Preparing Data Sets¶
We will be primarily using orders and order_items data set to understand about manipulating collections.
- orders is available at path /data/retail_db/orders/part-00000
- order_items is available at path /data/retail_db/order_items/part-00000
- orders – columns
- order_id – it is of type integer and unique
- order_date – it can be considered as string
- order_customer_id – it is of type integer
- order_status – it is of type string
- order_items – columns
- order_item_id – it is of type integer and unique
- order_item_order_id – it is of type integer and refers to orders.order_id
- order_item_product_id – it is of type integer and refers to products.product_id
- order_item_quantity – it is of type integer and represents number of products as an order item with in an order.

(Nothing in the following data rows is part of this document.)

(* (a) For every $n$-variable symmetric Boolean function $f$ it holds that $NN(f)\le n+1$. (b) For the $n$-variable parity function, $BNN(x_1\oplus x_2\oplus\cdots\oplus x_n)=2^n$.
   Context: For a Boolean function $f:\{0,1\}^n\to\{0,1\}$, points $a$ with $f(a)=1$ are positive and those with $f(a)=0$ negative. A nearest neighbor representation of $f$ is a pair of disjoint sets $(P,N)$ of points of $\mathbb R^n$ (positive and negative prototypes) such that for every $a\in\{0,1\}^n$: if $a$ is positive, there is $b\in P$ with $d(a,b)<d(a,c)$ for all $c\in N$; if $a$ is negative, there is $b\in N$ with $d(a,b)<d(a,c)$ for all $c\in P$. Here $d$ is the Euclidean distance. The size of the representation is $|P\cup N|$. $NN(f)$ is the minimum size of a nearest neighbor representation of $f$; $BNN(f)$ is the minimum size of such a representation with $P\cup N\subseteq\{0,1\}^n$ (Boolean prototypes). A Boolean function is symmetric if its value depends only on the weight (number of 1 components) of its input. *)

theory Defs
  imports "HOL-Analysis.Analysis"
begin

text \<open>Points of R^n are modelled as real^'n (n = CARD('n)). A Boolean function
  {0,1}^n -> {0,1} is a predicate on real^'n; only its values on the cube matter
  (True = positive, False = negative).\<close>

definition bool_cube :: "(real^'n) set" where
  "bool_cube = {x. \<forall>i. x $ i = 0 \<or> x $ i = 1}"

definition weight :: "real^'n \<Rightarrow> real" where
  "weight x = (\<Sum>i\<in>UNIV. x $ i)"

definition symmetric_bf :: "(real^'n \<Rightarrow> bool) \<Rightarrow> bool" where
  "symmetric_bf f \<longleftrightarrow>
     (\<forall>a\<in>bool_cube. \<forall>b\<in>bool_cube. weight a = weight b \<longrightarrow> f a = f b)"

definition parity :: "real^'n \<Rightarrow> bool" where
  "parity x \<longleftrightarrow> odd (card {i. x $ i = 1})"

definition nn_rep :: "(real^'n \<Rightarrow> bool) \<Rightarrow> (real^'n) set \<Rightarrow> (real^'n) set \<Rightarrow> bool" where
  "nn_rep f P N \<longleftrightarrow> finite P \<and> finite N \<and> P \<inter> N = {} \<and>
     (\<forall>a\<in>bool_cube.
        (f a \<longrightarrow> (\<exists>b\<in>P. \<forall>c\<in>N. dist a b < dist a c)) \<and>
        (\<not> f a \<longrightarrow> (\<exists>b\<in>N. \<forall>c\<in>P. dist a b < dist a c)))"

definition NN :: "(real^'n \<Rightarrow> bool) \<Rightarrow> nat" where
  "NN f = (LEAST k. \<exists>P N. nn_rep f P N \<and> card (P \<union> N) = k)"

definition BNN :: "(real^'n \<Rightarrow> bool) \<Rightarrow> nat" where
  "BNN f = (LEAST k. \<exists>P N. nn_rep f P N \<and> P \<union> N \<subseteq> bool_cube \<and> card (P \<union> N) = k)"

end

theory Submission
  imports Defs
begin

text \<open>(a) For a cube point of weight w the squared distance to the diagonal point
  t(1,...,1) is a quadratic in t with its unique minimum at t = w/n. Hence the points
  (k/n)(1,...,1), 0 \<le> k \<le> n, each labelled with the value of f on weight k, represent f.

  (b) Suppose a representation of parity by Boolean prototypes misses a cube point a; let b
  be a nearest prototype (it has the label of a) and i a coordinate where b and a differ.
  Flipping bit i of a lowers the squared distance to b by exactly 1 and to any other Boolean
  prototype by at most 1, while changing the parity. So at the flipped point b is still at
  least as close as every prototype of the opposite label, which is impossible.\<close>

lemma dist_vec_power2: "(dist x y)\<^sup>2 = (\<Sum>i\<in>UNIV. (x $ i - y $ i)\<^sup>2)"
  for x y :: "real^'n"
  by (simp add: dist_vec_def L2_set_def dist_real_def sum_nonneg)
lemma qZeta_eqI:
  assumes "\<And>n. n \<ge> 2 \<Longrightarrow> poly Z (qint n) = multichain_sum P h n"
  shows "qZeta P h = Z"
  unfolding qZeta_def
  by (rule the_equality) (use assms poly_eq_if_eq_on_qints in auto)

lemma poly_qZeta_qint:
  assumes "finite P" "height_function P h" "n \<ge> 2"
  shows "poly (qZeta P h) (qint n) = multichain_sum P h n"
proof -
  have "geom_comb ((\<lambda>x. qvar ^ h x) ` P) (\<lambda>L. multichain_sum P h (Suc (Suc L)))"
    using assms(1,2) by (intro geom_comb_multichain_sum height_function_strict_mono_on)
  then obtain Z where "\<forall>n\<ge>2. poly Z (qint n) = multichain_sum P h (Suc (Suc (n - 2)))"
    using geom_comb_qvar_powers_interpolation by blast
  hence Z: "poly Z (qint n) = multichain_sum P h n" if "n \<ge> 2" for n
    using that by (simp add: Suc_diff_Suc numeral_2_eq_2)
  thus ?thesis using qZeta_eqI[OF Z] assms(3) by simp
qed

theorem mainTheorem17:
  fixes P :: "'a::order set" and h :: "'a \<Rightarrow> nat" and D :: nat
  assumes "finite P" and "height_function P h" and "D \<ge> 1"
  shows "qZeta P (\<lambda>x. D * h x) =
    pcompose (map_poly (qsubst D) (qZeta P h))
      (smult (inverse (qvar ^ D - 1)) ([:1, qvar - 1:] ^ D - 1))"
proof (rule qZeta_eqI)
  let ?qint_D = "smult (inverse (qvar ^ D - 1)) ([:1, qvar - 1:] ^ D - 1)"
  fix n :: nat assume "n \<ge> 2"
  have "poly (pcompose (map_poly (qsubst D) (qZeta P h)) ?qint_D) (qint n) =
      poly (map_poly (qsubst D) (qZeta P h)) (qsubst D (qint n))"
    by (simp add: poly_pcompose qsubst_qint[OF assms(3)])
  also have "\<dots> = qsubst D (poly (qZeta P h) (qint n))"
    by (rule poly_map_poly_qsubst[OF assms(3)])
  also have "\<dots> = qsubst D (multichain_sum P h n)"
    using poly_qZeta_qint[OF assms(1,2) \<open>n \<ge> 2\<close>] by simp
  also have "\<dots> = multichain_sum P (\<lambda>x. D * h x) n"
    by (rule qsubst_multichain_sum[OF assms(3)])
  finally show "poly (pcompose (map_poly (qsubst D) (qZeta P h)) ?qint_D) (qint n) =
      multichain_sum P (\<lambda>x. D * h x) n" .
qed
lemma pix_connected_nbr_closed_subset:
  assumes "pix_connected R" and "s \<in> R" and "s \<in> V"
    and closed: "\<forall>p\<in>V. \<forall>q\<in>R. nbr p q \<longrightarrow> q \<in> V"
  shows "R \<subseteq> V"
proof
  fix q assume "q \<in> R"
  then have "(\<lambda>a b. a \<in> R \<and> b \<in> R \<and> nbr a b)\<^sup>*\<^sup>* s q"
    using assms(1,2) unfolding pix_connected_def by blast
  then show "q \<in> V"
  proof (induction rule: rtranclp_induct)
    case base
    then show ?case using \<open>s \<in> V\<close> .
  next
    case (step p q)
    then show ?case using closed by blast
  qed
qed

context
  fixes R :: "pixel set" and s :: pixel
    and pos :: "nat \<Rightarrow> nat \<Rightarrow> pixel option" and ldr :: "nat \<Rightarrow> nat"
begin

text \<open>c 0, ..., c d is the depth-first stack of pixels from the door to the leader.\<close>

definition dflf_inv :: "nat \<Rightarrow> (nat \<Rightarrow> pixel) \<Rightarrow> nat \<Rightarrow> bool" where
  "dflf_inv t c d \<longleftrightarrow>
     t = d + 2 * ldr t \<and> c 0 = s \<and> inj_on c {..d} \<and> c ` {..d} \<subseteq> R \<and>
     convoy pos (ldr t) t c \<and> convoy pos (ldr t) (t - 1) c \<and>
     inj_on (\<lambda>k. pos k t) {..<ldr t} \<and>
     (\<forall>k<ldr t. \<exists>q. pos k t = Some q \<and> q \<in> R - c ` {..d} \<and>
        (\<forall>q'\<in>R. nbr q q' \<longrightarrow> q' \<in> visited pos t)) \<and>
     visited pos t = c ` {..d} \<union> stopped_pixels pos (ldr t) t"

lemma dflf_inv_0:
  assumes "s \<in> R" and "dflf_run R s pos ldr"
  shows "dflf_inv 0 (\<lambda>_. s) 0"
proof -
  have "convoy pos 0 0 (\<lambda>_. s)"
    using assms(2) unfolding dflf_run_def convoy_def by auto
  moreover then have "occ pos 0 = {s}"
    by (simp add: occ_convoy stopped_pixels_def)
  ultimately show ?thesis
    using assms unfolding dflf_inv_def dflf_run_def by (simp add: visited_0 stopped_pixels_def)
qed

lemma
  assumes "dflf_inv t c d"
  shows dflf_inv_time: "t = d + 2 * ldr t"
    and dflf_inv_door: "c 0 = s"
    and dflf_inv_inj: "inj_on c {..d}"
    and dflf_inv_path: "c ` {..d} \<subseteq> R"
    and dflf_inv_convoy: "convoy pos (ldr t) t c"
    and dflf_inv_convoy_prev: "convoy pos (ldr t) (t - 1) c"
    and dflf_inv_stopped_inj: "inj_on (\<lambda>k. pos k t) {..<ldr t}"
    and dflf_inv_stopped: "\<forall>k<ldr t. \<exists>q. pos k t = Some q \<and> q \<in> R - c ` {..d} \<and>
                             (\<forall>q'\<in>R. nbr q q' \<longrightarrow> q' \<in> visited pos t)"
    and dflf_inv_visited: "visited pos t = c ` {..d} \<union> stopped_pixels pos (ldr t) t"
  using assms unfolding dflf_inv_def by auto

lemma dflf_inv_leader:
  assumes "dflf_inv t c d"
  shows "pos (ldr t) t = Some (c d)"
proof -
  have "2 * ldr t \<le> t" and "t - 2 * ldr t = d"
    using dflf_inv_time[OF assms] by linarith+
  then show ?thesis
    using dflf_inv_convoy[OF assms] unfolding convoy_def by auto
qed

lemma dflf_inv_door_occupied_iff_even:
  assumes "dflf_inv t c d"
  shows "s \<in> occ pos t \<longleftrightarrow> even t"
proof -
  let ?L = "ldr t"
  note t = dflf_inv_time[OF assms] and c0 = dflf_inv_door[OF assms]
  have off: "s \<notin> stopped_pixels pos ?L t"
    using dflf_inv_stopped[OF assms] c0 unfolding stopped_pixels_def by force
  have "c (t - 2 * k) = s \<longleftrightarrow> t = 2 * k" if "?L \<le> k" "2 * k \<le> t" for k
    using inj_onD[OF dflf_inv_inj[OF assms], of "t - 2 * k" 0] that t c0 by auto
  then have "s \<in> occ pos t \<longleftrightarrow> (\<exists>k. ?L \<le> k \<and> t = 2 * k)"
    using occ_convoy[OF dflf_inv_convoy[OF assms]] off by force
  also have "\<dots> \<longleftrightarrow> even t"
    using t by presburger
  finally show ?thesis .
qed

lemma dflf_step_follower:
  assumes inv: "dflf_inv t c d" and step: "dflf_step R s pos ldr t" and k: "ldr t < k"
  shows "pos k (Suc t) = (if 2 * k \<le> Suc t then Some (c (Suc t - 2 * k)) else None)"
proof (cases "2 * k \<le> t")
  case True
  then have "pos k t \<noteq> None"
    using dflf_inv_convoy[OF inv] k unfolding convoy_def by auto
  then have "pos k (Suc t) = pos (k - 1) (t - 1)"
    using step k unfolding dflf_step_def by auto
  also have "\<dots> = Some (c (t - 1 - 2 * (k - 1)))"
    using dflf_inv_convoy_prev[OF inv] k True unfolding convoy_def by auto
  also have "t - 1 - 2 * (k - 1) = Suc t - 2 * k"
    using True k by auto
  finally show ?thesis
    using True by simp
next
  case False
  have "pos k t = None" and "pos (k - 1) t \<noteq> None \<longleftrightarrow> 2 * k \<le> t + 2"
    using dflf_inv_convoy[OF inv] k False unfolding convoy_def by auto
  then have "pos k (Suc t) = (if odd t \<and> 2 * k \<le> t + 2 then Some s else None)"
    using step k dflf_inv_door_occupied_iff_even[OF inv] unfolding dflf_step_def by auto
  moreover have "odd t \<and> 2 * k \<le> t + 2 \<longleftrightarrow> 2 * k = Suc t"
    using False by presburger
  ultimately show ?thesis
    using False dflf_inv_door[OF inv] by auto
qed

lemma dflf_step_stopped:
  assumes inv: "dflf_inv t c d" and step: "dflf_step R s pos ldr t" and k: "k < ldr t"
  shows "pos k (Suc t) = pos k t"
  using dflf_inv_stopped[OF inv] step k unfolding dflf_step_def by fastforce

lemma dflf_step_stopped_inj:
  assumes inv: "dflf_inv t c d" and step: "dflf_step R s pos ldr t"
  shows "inj_on (\<lambda>k. pos k (Suc t)) {..<ldr t}"
  using inj_on_cong[of "{..<ldr t}" "\<lambda>k. pos k (Suc t)" "\<lambda>k. pos k t"]
    dflf_step_stopped[OF inv step] dflf_inv_stopped_inj[OF inv] by simp

lemma dflf_step_stopped_dead_end:
  assumes inv: "dflf_inv t c d" and step: "dflf_step R s pos ldr t" and k: "k < ldr t"
    and P: "P \<subseteq> c ` {..d} \<union> - visited pos t"
  shows "\<exists>p. pos k (Suc t) = Some p \<and> p \<in> R - P \<and>
           (\<forall>p'\<in>R. nbr p p' \<longrightarrow> p' \<in> visited pos (Suc t))"
proof -
  obtain p where p: "pos k t = Some p" "p \<in> R - c ` {..d}"
    and closed: "\<forall>p'\<in>R. nbr p p' \<longrightarrow> p' \<in> visited pos t"
    using dflf_inv_stopped[OF inv] k by blast
  have "p \<in> visited pos t"
    using p k dflf_inv_visited[OF inv] unfolding stopped_pixels_def by auto
  then have "p \<notin> P"
    using P p by auto
  then show ?thesis
    using p closed dflf_step_stopped[OF inv step k] by (auto simp: visited_Suc)
qed

lemma dflf_inv_advance:
  assumes inv: "dflf_inv t c d" and step: "dflf_step R s pos ldr t"
    and fr: "\<exists>q\<in>frontier R pos t. nbr (c d) q"
  shows "\<exists>c'. dflf_inv (Suc t) c' (Suc d)"
proof -
  let ?L = "ldr t"
  obtain q where q: "q \<in> frontier R pos t" and L: "ldr (Suc t) = ?L"
    and pq: "pos ?L (Suc t) = Some q"
    using step fr dflf_inv_leader[OF inv] unfolding dflf_step_def by auto
  have qR: "q \<in> R" and q_new: "q \<notin> visited pos t"
    using q frontier_eq_Diff_visited by auto
  note t = dflf_inv_time[OF inv] and vis = dflf_inv_visited[OF inv]
  define c' where "c' = c(Suc d := q)"
  have agree: "\<forall>i\<le>d. c' i = c i"
    unfolding c'_def by simp
  have img: "c' ` {..Suc d} = insert q (c ` {..d})"
    unfolding c'_def by (rule image_fun_upd_atMost_Suc)
  have inj: "inj_on c' {..Suc d}"
    unfolding c'_def using q_new vis by (intro inj_on_fun_upd_atMost_Suc dflf_inv_inj[OF inv]) auto
  have stopped: "stopped_pixels pos ?L (Suc t) = stopped_pixels pos ?L t"
    using dflf_step_stopped[OF inv step] unfolding stopped_pixels_def by auto
  have cv: "convoy pos ?L (Suc t) c'"
    unfolding convoy_def
  proof (intro allI impI)
    fix k assume "?L \<le> k"
    then consider "k = ?L" | "?L < k" by linarith
    then show "pos k (Suc t) = (if 2 * k \<le> Suc t then Some (c' (Suc t - 2 * k)) else None)"
    proof cases
      case 1
      moreover have "Suc t - 2 * ?L = Suc d"
        using t by linarith
      ultimately show ?thesis using pq t by (simp add: c'_def)
    next
      case 2
      then show ?thesis using dflf_step_follower[OF inv step] agree t by auto
    qed
  qed
  have cv_prev: "convoy pos ?L (Suc t - 1) c'"
    using convoy_mono[OF dflf_inv_convoy[OF inv]] agree t by auto
  have "occ pos (Suc t) \<subseteq> c' ` {..Suc d} \<union> stopped_pixels pos ?L t" and "q \<in> occ pos (Suc t)"
    using occ_convoy[OF cv] stopped t pq by (auto simp: occ_def)
  then have vis': "visited pos (Suc t) = c' ` {..Suc d} \<union> stopped_pixels pos ?L (Suc t)"
    using vis img stopped by (auto simp: visited_Suc)
  have "c' ` {..Suc d} \<subseteq> c ` {..d} \<union> - visited pos t"
    using img q_new by auto
  then have "\<forall>k<?L. \<exists>p. pos k (Suc t) = Some p \<and> p \<in> R - c' ` {..Suc d} \<and>
               (\<forall>p'\<in>R. nbr p p' \<longrightarrow> p' \<in> visited pos (Suc t))"
    using dflf_step_stopped_dead_end[OF inv step] by blast
  moreover have "c' 0 = s" and "c' ` {..Suc d} \<subseteq> R"
    using dflf_inv_door[OF inv] dflf_inv_path[OF inv] img qR by (auto simp: c'_def)
  ultimately have "dflf_inv (Suc t) c' (Suc d)"
    unfolding dflf_inv_def L using t inj cv cv_prev vis' dflf_step_stopped_inj[OF inv step] by simp
  then show ?thesis by blast
qed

- order_item_subtotal – it is item level revenue (product of order_item_quantity and order_item_product_price)
- order_item_product_price – it is product price for each item with in an order.
- orders is parent data set to order_items and will contain one record per order. Each order can contain multiple items.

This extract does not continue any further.